__TASK OBJECTIVE__: In the listing below, find the line holding "Conversely, for unrepeated" and the line holding "2^(\<lambda>\<^sub>j-1) G\<close> and". Write out those two lines and all lines between, exactly, and nothing more.

__RECORDS TO PROCESS__:
···

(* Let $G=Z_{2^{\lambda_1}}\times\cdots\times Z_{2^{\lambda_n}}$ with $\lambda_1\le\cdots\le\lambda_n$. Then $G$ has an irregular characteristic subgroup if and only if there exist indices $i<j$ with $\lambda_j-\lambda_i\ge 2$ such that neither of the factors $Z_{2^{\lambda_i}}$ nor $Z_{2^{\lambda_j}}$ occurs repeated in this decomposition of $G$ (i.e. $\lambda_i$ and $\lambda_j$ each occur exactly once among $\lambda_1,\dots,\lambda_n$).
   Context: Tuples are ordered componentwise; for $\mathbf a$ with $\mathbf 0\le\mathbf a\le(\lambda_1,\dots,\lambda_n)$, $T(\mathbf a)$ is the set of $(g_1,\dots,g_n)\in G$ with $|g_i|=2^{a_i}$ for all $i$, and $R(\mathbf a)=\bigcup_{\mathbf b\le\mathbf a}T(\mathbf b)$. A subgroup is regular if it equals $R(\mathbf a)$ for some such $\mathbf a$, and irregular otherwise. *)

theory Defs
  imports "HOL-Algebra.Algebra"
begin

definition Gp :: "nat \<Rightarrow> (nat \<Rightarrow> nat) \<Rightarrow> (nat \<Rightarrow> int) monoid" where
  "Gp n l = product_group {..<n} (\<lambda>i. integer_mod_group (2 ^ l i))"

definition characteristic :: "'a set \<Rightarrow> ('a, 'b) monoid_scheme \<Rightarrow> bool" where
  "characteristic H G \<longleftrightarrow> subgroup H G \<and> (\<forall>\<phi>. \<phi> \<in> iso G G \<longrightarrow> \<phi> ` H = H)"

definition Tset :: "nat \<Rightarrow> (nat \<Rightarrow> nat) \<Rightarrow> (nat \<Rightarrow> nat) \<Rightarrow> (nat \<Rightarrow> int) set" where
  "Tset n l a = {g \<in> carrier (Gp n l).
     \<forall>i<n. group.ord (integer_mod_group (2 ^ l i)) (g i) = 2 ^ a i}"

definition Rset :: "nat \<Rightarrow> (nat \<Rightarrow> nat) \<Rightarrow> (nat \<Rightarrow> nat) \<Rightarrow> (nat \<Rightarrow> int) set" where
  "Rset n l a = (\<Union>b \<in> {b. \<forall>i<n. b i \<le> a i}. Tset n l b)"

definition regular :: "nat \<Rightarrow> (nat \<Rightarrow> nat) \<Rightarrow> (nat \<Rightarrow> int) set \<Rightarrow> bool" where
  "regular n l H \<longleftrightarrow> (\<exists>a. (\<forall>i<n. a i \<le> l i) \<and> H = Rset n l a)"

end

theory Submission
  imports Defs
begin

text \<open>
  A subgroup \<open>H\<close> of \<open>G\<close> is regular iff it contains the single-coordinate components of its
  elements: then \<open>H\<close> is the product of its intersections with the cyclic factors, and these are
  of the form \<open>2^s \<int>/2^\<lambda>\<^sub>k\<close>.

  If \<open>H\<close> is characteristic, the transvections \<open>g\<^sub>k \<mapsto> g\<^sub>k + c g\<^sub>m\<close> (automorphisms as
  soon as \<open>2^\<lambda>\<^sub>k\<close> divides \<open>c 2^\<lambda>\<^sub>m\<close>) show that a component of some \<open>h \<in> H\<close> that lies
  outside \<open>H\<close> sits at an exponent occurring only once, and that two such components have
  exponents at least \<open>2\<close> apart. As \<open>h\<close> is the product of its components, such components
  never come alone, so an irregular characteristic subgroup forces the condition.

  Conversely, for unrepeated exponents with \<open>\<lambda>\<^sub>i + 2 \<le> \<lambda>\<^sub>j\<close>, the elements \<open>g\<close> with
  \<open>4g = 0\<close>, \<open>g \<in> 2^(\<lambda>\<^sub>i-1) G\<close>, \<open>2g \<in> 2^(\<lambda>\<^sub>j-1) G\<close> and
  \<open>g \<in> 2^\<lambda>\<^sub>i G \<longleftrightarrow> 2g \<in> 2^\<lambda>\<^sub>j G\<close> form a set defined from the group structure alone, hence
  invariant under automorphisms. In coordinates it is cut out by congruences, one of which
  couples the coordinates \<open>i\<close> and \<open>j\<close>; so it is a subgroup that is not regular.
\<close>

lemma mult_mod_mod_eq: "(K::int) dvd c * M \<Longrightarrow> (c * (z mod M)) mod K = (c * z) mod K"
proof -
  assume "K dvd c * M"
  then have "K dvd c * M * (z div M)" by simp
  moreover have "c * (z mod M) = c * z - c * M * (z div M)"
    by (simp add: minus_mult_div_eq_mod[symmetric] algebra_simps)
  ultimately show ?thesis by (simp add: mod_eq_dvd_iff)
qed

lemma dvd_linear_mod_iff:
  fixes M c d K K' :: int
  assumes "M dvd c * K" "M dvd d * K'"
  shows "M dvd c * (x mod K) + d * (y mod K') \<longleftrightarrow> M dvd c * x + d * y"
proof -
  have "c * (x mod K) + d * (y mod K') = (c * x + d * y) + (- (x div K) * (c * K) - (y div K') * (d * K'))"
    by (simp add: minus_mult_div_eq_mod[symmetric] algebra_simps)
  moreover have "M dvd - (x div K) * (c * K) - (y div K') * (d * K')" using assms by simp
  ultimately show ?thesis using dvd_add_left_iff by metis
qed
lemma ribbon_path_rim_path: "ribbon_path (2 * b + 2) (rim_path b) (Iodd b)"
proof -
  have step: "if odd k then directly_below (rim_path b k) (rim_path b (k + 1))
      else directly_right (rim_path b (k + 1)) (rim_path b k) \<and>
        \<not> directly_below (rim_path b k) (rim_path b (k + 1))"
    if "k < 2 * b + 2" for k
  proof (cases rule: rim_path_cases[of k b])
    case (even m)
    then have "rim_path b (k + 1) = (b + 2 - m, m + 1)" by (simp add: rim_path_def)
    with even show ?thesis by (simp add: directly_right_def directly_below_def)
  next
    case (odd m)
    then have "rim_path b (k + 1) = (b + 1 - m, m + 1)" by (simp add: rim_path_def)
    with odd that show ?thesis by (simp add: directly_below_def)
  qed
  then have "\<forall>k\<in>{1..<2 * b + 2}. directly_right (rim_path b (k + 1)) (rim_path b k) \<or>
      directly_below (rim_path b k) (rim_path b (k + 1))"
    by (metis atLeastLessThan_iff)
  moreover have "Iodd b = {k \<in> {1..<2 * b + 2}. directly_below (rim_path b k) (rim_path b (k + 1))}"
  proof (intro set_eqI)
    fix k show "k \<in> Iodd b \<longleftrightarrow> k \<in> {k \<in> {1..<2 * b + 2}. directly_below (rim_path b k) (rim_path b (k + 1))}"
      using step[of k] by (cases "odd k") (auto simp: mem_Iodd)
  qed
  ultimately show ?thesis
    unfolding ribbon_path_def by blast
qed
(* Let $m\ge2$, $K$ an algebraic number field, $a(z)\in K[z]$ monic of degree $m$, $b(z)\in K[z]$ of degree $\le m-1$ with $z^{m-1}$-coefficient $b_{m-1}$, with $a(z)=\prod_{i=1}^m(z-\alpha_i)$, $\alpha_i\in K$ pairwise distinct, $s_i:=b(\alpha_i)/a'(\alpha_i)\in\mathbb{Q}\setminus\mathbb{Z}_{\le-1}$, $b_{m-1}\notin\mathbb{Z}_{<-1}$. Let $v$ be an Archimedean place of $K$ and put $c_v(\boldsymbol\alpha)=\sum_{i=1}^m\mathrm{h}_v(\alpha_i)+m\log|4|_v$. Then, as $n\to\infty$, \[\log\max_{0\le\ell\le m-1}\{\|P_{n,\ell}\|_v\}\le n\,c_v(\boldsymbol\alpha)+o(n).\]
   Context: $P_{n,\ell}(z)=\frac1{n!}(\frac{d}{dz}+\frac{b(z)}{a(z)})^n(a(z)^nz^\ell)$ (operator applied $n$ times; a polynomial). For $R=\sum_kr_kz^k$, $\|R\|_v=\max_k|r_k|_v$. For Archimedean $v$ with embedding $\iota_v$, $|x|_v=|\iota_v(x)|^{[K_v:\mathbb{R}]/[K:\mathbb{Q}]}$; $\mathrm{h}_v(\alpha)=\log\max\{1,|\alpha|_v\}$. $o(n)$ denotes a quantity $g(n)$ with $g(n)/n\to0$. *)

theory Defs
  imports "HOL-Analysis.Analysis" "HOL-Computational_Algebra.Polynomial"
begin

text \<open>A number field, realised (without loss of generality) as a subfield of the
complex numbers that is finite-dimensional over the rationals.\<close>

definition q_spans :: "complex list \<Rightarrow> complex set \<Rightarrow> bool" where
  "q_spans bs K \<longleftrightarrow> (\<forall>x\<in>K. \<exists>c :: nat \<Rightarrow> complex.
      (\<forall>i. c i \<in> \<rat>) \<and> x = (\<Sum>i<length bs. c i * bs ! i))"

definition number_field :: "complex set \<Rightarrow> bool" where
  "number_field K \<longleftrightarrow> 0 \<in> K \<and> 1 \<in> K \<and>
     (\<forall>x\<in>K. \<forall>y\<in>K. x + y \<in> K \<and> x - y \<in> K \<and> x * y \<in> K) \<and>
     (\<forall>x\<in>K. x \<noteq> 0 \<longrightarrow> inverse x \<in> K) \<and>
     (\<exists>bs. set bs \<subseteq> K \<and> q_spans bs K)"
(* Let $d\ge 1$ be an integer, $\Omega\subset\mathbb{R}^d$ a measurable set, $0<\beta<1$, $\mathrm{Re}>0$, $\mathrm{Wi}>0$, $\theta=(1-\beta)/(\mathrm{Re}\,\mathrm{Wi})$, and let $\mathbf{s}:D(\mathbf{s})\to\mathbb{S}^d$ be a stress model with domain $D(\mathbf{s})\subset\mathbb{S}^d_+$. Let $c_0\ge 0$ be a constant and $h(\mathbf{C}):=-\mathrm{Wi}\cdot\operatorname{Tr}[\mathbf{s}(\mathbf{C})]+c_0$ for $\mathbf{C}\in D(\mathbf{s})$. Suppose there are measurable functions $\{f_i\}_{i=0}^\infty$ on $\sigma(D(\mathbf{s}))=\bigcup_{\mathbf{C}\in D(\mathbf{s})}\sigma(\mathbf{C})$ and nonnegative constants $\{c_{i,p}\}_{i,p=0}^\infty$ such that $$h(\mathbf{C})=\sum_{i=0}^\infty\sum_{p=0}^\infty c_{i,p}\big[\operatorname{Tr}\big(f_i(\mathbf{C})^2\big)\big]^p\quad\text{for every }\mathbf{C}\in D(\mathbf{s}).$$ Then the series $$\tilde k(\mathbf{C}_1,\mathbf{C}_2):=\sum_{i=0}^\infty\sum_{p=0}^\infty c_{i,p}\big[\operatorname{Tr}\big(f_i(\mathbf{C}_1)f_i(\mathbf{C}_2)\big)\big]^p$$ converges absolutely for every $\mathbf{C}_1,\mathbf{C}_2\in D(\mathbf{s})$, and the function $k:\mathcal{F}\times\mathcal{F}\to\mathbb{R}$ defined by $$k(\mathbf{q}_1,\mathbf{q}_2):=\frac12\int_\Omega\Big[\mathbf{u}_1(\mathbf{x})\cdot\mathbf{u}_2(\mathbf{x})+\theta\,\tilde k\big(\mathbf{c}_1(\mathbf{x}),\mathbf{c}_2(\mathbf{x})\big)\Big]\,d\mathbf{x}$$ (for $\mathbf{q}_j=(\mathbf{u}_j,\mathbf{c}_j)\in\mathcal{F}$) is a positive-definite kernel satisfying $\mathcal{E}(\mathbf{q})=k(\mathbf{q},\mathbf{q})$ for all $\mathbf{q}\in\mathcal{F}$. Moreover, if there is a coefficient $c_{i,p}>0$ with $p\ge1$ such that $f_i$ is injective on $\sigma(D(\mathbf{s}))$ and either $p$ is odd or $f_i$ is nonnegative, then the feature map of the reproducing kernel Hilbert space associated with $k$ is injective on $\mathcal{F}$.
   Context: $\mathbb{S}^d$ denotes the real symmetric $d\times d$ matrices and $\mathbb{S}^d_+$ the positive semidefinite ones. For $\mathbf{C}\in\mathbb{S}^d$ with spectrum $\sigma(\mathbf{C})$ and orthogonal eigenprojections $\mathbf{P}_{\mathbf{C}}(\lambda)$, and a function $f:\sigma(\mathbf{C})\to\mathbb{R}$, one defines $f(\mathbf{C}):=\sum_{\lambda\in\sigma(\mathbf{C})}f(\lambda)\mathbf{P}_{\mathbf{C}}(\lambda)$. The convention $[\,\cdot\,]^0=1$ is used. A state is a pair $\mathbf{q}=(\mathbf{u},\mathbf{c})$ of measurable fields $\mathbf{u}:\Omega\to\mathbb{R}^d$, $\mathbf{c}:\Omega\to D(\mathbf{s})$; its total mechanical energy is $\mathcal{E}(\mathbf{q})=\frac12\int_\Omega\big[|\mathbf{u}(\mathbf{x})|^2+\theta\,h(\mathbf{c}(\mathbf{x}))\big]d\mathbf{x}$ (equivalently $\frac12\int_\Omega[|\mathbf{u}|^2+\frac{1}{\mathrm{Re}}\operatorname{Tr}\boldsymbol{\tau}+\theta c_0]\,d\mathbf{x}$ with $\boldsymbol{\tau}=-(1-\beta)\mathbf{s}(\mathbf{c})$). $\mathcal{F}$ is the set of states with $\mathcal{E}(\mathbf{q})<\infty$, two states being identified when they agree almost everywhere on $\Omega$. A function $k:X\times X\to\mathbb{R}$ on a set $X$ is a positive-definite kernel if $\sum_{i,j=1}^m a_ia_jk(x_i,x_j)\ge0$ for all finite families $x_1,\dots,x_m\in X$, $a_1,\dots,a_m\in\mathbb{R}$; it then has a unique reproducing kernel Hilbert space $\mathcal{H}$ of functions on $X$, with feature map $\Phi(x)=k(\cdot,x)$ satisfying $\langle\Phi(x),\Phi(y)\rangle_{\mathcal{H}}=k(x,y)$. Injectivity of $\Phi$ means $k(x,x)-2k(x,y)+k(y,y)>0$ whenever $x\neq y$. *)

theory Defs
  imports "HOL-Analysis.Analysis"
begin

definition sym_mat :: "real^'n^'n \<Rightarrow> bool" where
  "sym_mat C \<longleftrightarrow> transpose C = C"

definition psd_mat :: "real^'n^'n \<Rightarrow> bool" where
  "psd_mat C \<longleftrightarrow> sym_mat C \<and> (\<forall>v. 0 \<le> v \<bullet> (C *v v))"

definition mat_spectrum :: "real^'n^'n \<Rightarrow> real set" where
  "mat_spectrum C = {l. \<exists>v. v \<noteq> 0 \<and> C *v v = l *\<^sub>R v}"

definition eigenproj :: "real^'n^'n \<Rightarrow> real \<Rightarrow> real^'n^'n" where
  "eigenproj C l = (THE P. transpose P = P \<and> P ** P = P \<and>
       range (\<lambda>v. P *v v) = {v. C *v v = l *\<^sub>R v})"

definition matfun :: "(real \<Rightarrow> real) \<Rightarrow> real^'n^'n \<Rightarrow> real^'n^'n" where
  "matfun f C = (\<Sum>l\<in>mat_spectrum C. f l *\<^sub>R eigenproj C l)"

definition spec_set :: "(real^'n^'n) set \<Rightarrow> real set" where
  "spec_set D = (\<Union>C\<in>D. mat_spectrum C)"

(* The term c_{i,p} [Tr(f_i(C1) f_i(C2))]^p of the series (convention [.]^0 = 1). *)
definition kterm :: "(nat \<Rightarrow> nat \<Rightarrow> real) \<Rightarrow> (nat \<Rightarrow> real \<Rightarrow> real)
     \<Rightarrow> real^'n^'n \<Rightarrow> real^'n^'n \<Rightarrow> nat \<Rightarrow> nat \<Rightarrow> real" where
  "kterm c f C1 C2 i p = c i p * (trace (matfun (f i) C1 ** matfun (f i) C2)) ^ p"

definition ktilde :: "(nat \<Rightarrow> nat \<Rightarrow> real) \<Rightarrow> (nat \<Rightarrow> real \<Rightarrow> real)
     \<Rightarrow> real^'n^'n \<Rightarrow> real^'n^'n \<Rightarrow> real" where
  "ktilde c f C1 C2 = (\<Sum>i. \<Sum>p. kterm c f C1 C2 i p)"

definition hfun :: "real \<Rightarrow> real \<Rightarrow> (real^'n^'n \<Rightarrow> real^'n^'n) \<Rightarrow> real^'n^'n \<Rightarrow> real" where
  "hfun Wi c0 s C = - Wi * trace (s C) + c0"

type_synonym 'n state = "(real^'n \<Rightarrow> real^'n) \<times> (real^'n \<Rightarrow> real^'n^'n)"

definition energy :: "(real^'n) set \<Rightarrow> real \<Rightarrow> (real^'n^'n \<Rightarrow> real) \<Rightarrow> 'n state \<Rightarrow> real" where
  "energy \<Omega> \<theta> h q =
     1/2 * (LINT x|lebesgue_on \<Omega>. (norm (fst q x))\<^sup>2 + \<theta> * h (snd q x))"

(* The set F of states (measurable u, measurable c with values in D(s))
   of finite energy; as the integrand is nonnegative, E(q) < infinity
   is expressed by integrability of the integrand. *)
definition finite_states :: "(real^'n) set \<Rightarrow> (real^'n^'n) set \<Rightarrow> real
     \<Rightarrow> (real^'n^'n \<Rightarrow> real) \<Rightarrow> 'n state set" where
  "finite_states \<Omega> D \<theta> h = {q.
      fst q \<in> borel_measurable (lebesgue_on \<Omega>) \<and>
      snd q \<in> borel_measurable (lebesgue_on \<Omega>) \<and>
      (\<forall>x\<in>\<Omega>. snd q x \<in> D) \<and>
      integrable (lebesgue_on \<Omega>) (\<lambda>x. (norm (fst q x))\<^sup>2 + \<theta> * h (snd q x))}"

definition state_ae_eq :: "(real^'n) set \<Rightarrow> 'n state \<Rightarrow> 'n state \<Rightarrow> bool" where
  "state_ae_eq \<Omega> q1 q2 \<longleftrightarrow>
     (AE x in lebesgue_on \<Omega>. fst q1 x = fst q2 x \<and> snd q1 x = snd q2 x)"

···

__SOLUTION TO THE EXERCISE__:
  Conversely, for unrepeated exponents with \<open>\<lambda>\<^sub>i + 2 \<le> \<lambda>\<^sub>j\<close>, the elements \<open>g\<close> with
  \<open>4g = 0\<close>, \<open>g \<in> 2^(\<lambda>\<^sub>i-1) G\<close>, \<open>2g \<in> 2^(\<lambda>\<^sub>j-1) G\<close> and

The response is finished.